What you should do: Below are records; transcribe only the line with "in_depth \<sigma> /" and those after it, through the last line, without any change.
Segment Start: Data records
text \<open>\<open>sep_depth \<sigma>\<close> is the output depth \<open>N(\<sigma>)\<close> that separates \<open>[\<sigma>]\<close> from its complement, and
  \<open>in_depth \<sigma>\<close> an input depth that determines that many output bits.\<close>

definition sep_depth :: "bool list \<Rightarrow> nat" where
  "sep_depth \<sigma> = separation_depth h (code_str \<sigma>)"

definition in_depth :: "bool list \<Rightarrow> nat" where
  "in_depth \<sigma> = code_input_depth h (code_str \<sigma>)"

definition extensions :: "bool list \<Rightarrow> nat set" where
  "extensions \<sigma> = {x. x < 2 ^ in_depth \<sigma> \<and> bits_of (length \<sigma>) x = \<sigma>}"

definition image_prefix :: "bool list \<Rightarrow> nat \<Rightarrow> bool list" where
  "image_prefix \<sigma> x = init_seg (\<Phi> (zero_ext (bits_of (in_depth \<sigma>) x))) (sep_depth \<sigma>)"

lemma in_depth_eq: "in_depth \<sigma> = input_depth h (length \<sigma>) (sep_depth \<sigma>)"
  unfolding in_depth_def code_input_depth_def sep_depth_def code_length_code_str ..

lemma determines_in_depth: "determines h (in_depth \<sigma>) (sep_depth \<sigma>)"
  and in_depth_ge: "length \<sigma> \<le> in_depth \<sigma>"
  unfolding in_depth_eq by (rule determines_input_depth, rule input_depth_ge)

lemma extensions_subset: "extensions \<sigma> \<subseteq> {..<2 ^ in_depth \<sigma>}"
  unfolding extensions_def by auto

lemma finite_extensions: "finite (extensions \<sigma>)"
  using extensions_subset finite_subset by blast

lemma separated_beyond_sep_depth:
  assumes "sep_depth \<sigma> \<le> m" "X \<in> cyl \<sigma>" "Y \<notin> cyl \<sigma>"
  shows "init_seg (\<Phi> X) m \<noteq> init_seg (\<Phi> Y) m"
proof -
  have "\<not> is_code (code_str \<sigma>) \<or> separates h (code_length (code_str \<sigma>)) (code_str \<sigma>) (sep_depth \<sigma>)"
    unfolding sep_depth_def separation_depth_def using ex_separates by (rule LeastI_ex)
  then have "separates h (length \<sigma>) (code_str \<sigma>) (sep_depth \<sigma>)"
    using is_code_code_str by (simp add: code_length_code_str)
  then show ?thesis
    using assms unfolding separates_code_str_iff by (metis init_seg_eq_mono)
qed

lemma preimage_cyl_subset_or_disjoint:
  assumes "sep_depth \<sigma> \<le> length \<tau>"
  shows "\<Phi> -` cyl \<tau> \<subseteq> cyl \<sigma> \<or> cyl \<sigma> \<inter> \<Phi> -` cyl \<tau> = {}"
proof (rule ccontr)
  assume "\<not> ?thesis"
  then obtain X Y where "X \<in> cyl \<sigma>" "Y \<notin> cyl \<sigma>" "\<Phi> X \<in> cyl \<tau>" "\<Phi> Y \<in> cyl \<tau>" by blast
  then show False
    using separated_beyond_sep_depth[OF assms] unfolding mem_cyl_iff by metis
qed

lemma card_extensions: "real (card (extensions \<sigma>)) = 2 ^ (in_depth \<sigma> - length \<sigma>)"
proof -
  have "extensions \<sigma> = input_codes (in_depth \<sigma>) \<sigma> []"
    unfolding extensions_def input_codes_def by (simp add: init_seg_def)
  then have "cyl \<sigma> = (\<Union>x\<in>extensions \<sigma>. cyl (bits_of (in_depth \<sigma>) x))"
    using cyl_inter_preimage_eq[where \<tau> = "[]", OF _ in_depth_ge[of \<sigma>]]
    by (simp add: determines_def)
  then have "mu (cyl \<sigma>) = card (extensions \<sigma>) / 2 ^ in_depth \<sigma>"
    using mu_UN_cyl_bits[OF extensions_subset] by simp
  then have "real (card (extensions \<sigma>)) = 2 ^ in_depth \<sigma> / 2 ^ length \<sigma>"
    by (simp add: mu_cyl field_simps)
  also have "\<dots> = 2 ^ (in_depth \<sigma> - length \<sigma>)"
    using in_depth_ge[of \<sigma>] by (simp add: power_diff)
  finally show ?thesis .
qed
Segment End: Data records
Response to this task:
  then have "real (card (extensions \<sigma>)) = 2 ^ in_depth \<sigma> / 2 ^ length \<sigma>"
    by (simp add: mu_cyl field_simps)
  also have "\<dots> = 2 ^ (in_depth \<sigma> - length \<sigma>)"
    using in_depth_ge[of \<sigma>] by (simp add: power_diff)
  finally show ?thesis .
qed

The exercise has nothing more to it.